Question

At what temperature (in °C), the graph between $\left(\frac{1}{du} \cdot \frac{dN}{N}\right)$ (Y-axis) and u (X-axis) will be maximum at 200 ms⁻¹ for a sample of ideal gas (molar mass = 41.57 gm mol⁻¹)?

Answer 1

-173.15 °C

Answer 2

The term $\left(\frac{1}{du} \cdot \frac{dN}{N}\right)$ represents the Maxwell-Boltzmann distribution function for molecular speeds. The peak of this distribution occurs at the most probable speed ($u_{mp}$).

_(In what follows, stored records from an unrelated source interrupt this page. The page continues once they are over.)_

(* Let $\mathscr N$ be a chemical reaction network. Let $p\ge2$ be the length of its finest independent decomposition and $q\ge2$ the length of its finest incidence independent decomposition. Then the number of independent decompositions of $\mathscr N$ is the Bell number $B_p$, and the number of incidence independent decompositions of $\mathscr N$ is $B_q$. Here the Bell numbers are defined by $B_0=1$ and $$B_p=\sum_{k=1}^{p}\binom{p-1}{k-1}B_{p-k},$$ i.e., $B_p$ is the number of partitions of a $p$-element set.
   Context: A chemical reaction network (CRN) $\mathscr N=(\mathscr S,\mathscr C,\mathscr R)$ consists of: - a finite set $\mathscr S$ of species; - a finite set $\mathscr C\subseteq\mathbb R^{\mathscr S}_{\ge0}$ of complexes; - a set $\mathscr R\subseteq\mathscr C\times\mathscr C$ of reactions, with no reaction $y\to y$ and every complex occurring in some reaction. A decomposition of $\mathscr N$ is the set of subnetworks $\mathscr N_1,\ldots,\mathscr N_k$ induced by a partition $\{\mathscr R_1,\ldots,\mathscr R_k\}$ of $\mathscr R$. Its length is $k$. The trivial decomposition ($k=1$) is counted. Let $S$ be the stoichiometric subspace $\operatorname{span}\{y'-y: y\to y'\in\mathscr R\}$, and $S_i$ the analogous subspace of $\mathscr N_i$. The decomposition is independent if $S=S_1\oplus\cdots\oplus S_k$. The decomposition is incidence independent if $n-l=\sum_i(n_i-l_i)$, where $n$ and $l$ are the numbers of complexes and of linkage classes (connected components of the underlying undirected graph) of $\mathscr N$, and $n_i$ and $l_i$ are those of $\mathscr N_i$. The finest independent (resp. incidence independent) decomposition is the unique independent (resp. incidence independent) decomposition that has no independent (resp. incidence independent) proper refinement. A refinement of a decomposition induced by $\{\mathscr R_i\}$ is one induced by a partition each of whose blocks lies in some $\mathscr R_i$. *)

theory Defs
  imports "HOL-Analysis.Analysis"
begin

function Bell :: "nat \<Rightarrow> nat" where
  "Bell 0 = 1"
| "Bell (Suc n) = (\<Sum>k\<in>{1..Suc n}. (n choose (k - 1)) * Bell (Suc n - k))"
  by pat_completeness auto
termination by (relation "Wellfounded.measure id") auto

text \<open>Complexes are vectors in R^S, with S a finite type of species.
  A reaction is a pair (y, y') meaning y \<rightarrow> y'.\<close>
type_synonym 's complex = "real ^ 's"
type_synonym 's reaction = "'s complex \<times> 's complex"

text \<open>A CRN is determined by its reaction set; the complexes are those occurring
  in reactions.\<close>
definition is_crn :: "('s::finite) reaction set \<Rightarrow> bool" where
  "is_crn R \<longleftrightarrow> finite R \<and> (\<forall>(y, y')\<in>R. y \<noteq> y')
     \<and> (\<forall>(y, y')\<in>R. (\<forall>i. y $ i \<ge> 0) \<and> (\<forall>i. y' $ i \<ge> 0))"

definition complexes :: "('s::finite) reaction set \<Rightarrow> 's complex set" where
  "complexes R = fst ` R \<union> snd ` R"

definition stoich_subspace :: "('s::finite) reaction set \<Rightarrow> 's complex set" where
  "stoich_subspace R = span ((\<lambda>(y, y'). y' - y) ` R)"

definition linkage_classes :: "('s::finite) reaction set \<Rightarrow> 's complex set set" where
  "linkage_classes R = complexes R // ((R \<union> R\<inverse>)\<^sup>*)"

definition n_minus_l :: "('s::finite) reaction set \<Rightarrow> int" where
  "n_minus_l R = int (card (complexes R)) - int (card (linkage_classes R))"

definition decomposition :: "('s::finite) reaction set \<Rightarrow> 's reaction set set \<Rightarrow> bool" where
  "decomposition R P \<longleftrightarrow> \<Union>P = R \<and> {} \<notin> P
     \<and> (\<forall>A\<in>P. \<forall>B\<in>P. A \<noteq> B \<longrightarrow> A \<inter> B = {})"

definition independent_dec :: "('s::finite) reaction set \<Rightarrow> 's reaction set set \<Rightarrow> bool" where
  "independent_dec R P \<longleftrightarrow>
     stoich_subspace R = {(\<Sum>A\<in>P. v A) | v. \<forall>A\<in>P. v A \<in> stoich_subspace A}
   \<and> (\<forall>v. (\<forall>A\<in>P. v A \<in> stoich_subspace A) \<and> (\<Sum>A\<in>P. v A) = 0 \<longrightarrow> (\<forall>A\<in>P. v A = 0))"

definition incidence_independent_dec :: "('s::finite) reaction set \<Rightarrow> 's reaction set set \<Rightarrow> bool" where
  "incidence_independent_dec R P \<longleftrightarrow> n_minus_l R = (\<Sum>A\<in>P. n_minus_l A)"

definition refines :: "'a set set \<Rightarrow> 'a set set \<Rightarrow> bool" where
  "refines Q P \<longleftrightarrow> (\<forall>B\<in>Q. \<exists>A\<in>P. B \<subseteq> A)"

definition finest_dec :: "(('s::finite) reaction set \<Rightarrow> 's reaction set set \<Rightarrow> bool)
    \<Rightarrow> 's reaction set \<Rightarrow> 's reaction set set \<Rightarrow> bool" where
  "finest_dec prop R P \<longleftrightarrow> decomposition R P \<and> prop R P
     \<and> \<not> (\<exists>Q. decomposition R Q \<and> prop R Q \<and> refines Q P \<and> Q \<noteq> P)"

end

theory Submission
  imports Defs
begin

text \<open>
  Both \<open>A \<mapsto> dim S\<^sub>A\<close> and \<open>A \<mapsto> n\<^sub>A - l\<^sub>A\<close> are submodular functions on sets of
  reactions vanishing at \<open>{}\<close>; the second is the rank function of the graphic matroid of the
  reaction graph, since adding a reaction lowers the number of linkage classes by one or by
  zero according as its complexes were or were not linked already, and this gain can only
  shrink as the reaction set grows. Since \<open>S\<close> is always \<open>S\<^sub>1 + \<dots> + S\<^sub>k\<close>, a
  decomposition is independent, resp. incidence independent, exactly when the corresponding
  function \<open>f\<close> is additive on it: \<open>f R = \<Sum> f R\<^sub>i\<close>. For any such \<open>f\<close>, subadditivity
  makes additivity pass to coarsenings, and submodularity makes it pass to the common
  refinement of two additive partitions. Hence the additive decompositions are precisely the
  coarsenings of the finest one \<open>P\<close>, and these correspond to the set partitions of the set of
  blocks of \<open>P\<close>, of which there are \<open>Bell (card P)\<close>.
\<close>

section \<open>Set partitions and Bell numbers\<close>

lemma Bell_Suc_eq: "Bell (Suc m) = (\<Sum>j\<le>m. (m choose j) * Bell (m - j))"
proof -
  have "Bell (Suc m) = (\<Sum>k\<in>{Suc 0..Suc m}. (m choose (k - 1)) * Bell (Suc m - k))"
    by simp
  also have "\<dots> = (\<Sum>j\<in>{0..m}. (m choose j) * Bell (m - j))"
    by (subst sum.shift_bounds_cl_Suc_ivl) simp
  finally show ?thesis
    by (simp add: atLeast0AtMost)
qed

lemma sum_Pow_card:
  fixes g :: "nat \<Rightarrow> 'b::comm_semiring_1"
  assumes "finite A"
  shows "(\<Sum>K\<in>Pow A. g (card K)) = (\<Sum>j\<le>card A. of_nat (card A choose j) * g j)"
proof -
  have "(\<Sum>K\<in>Pow A. g (card K)) = (\<Sum>j\<le>card A. \<Sum>K\<in>{K \<in> Pow A. card K = j}. g (card K))"
    by (rule sum.group[symmetric]) (use assms card_mono in auto)
  also have "\<dots> = (\<Sum>j\<le>card A. of_nat (card A choose j) * g j)"
    by (simp add: n_subsets[OF assms])
  finally show ?thesis .
qed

We are given $u_{mp} = 200 \text{ ms}^{-1}$. The formula for the most probable speed is $u_{mp} = \sqrt{\frac{2RT}{M}}$. Rearranging for temperature $T$: $T = \frac{M u_{mp}^2}{2R}$. Given: $M = 41.57 \text{ gm mol}^{-1} = 41.57 \times 10^{-3} \text{ kg mol}^{-1}$, $u_{mp} = 200 \text{ ms}^{-1}$, $R = 8.314 \text{ J mol}^{-1} \text{ K}^{-1}$. $T = \frac{(41.57 \times 10^{-3}) \times (200)^2}{2 \times 8.314} \approx 100 \text{ K}$. Converting to °C: $T(\text{°C}) = 100 - 273.15 = -173.15 \text{ °C}$.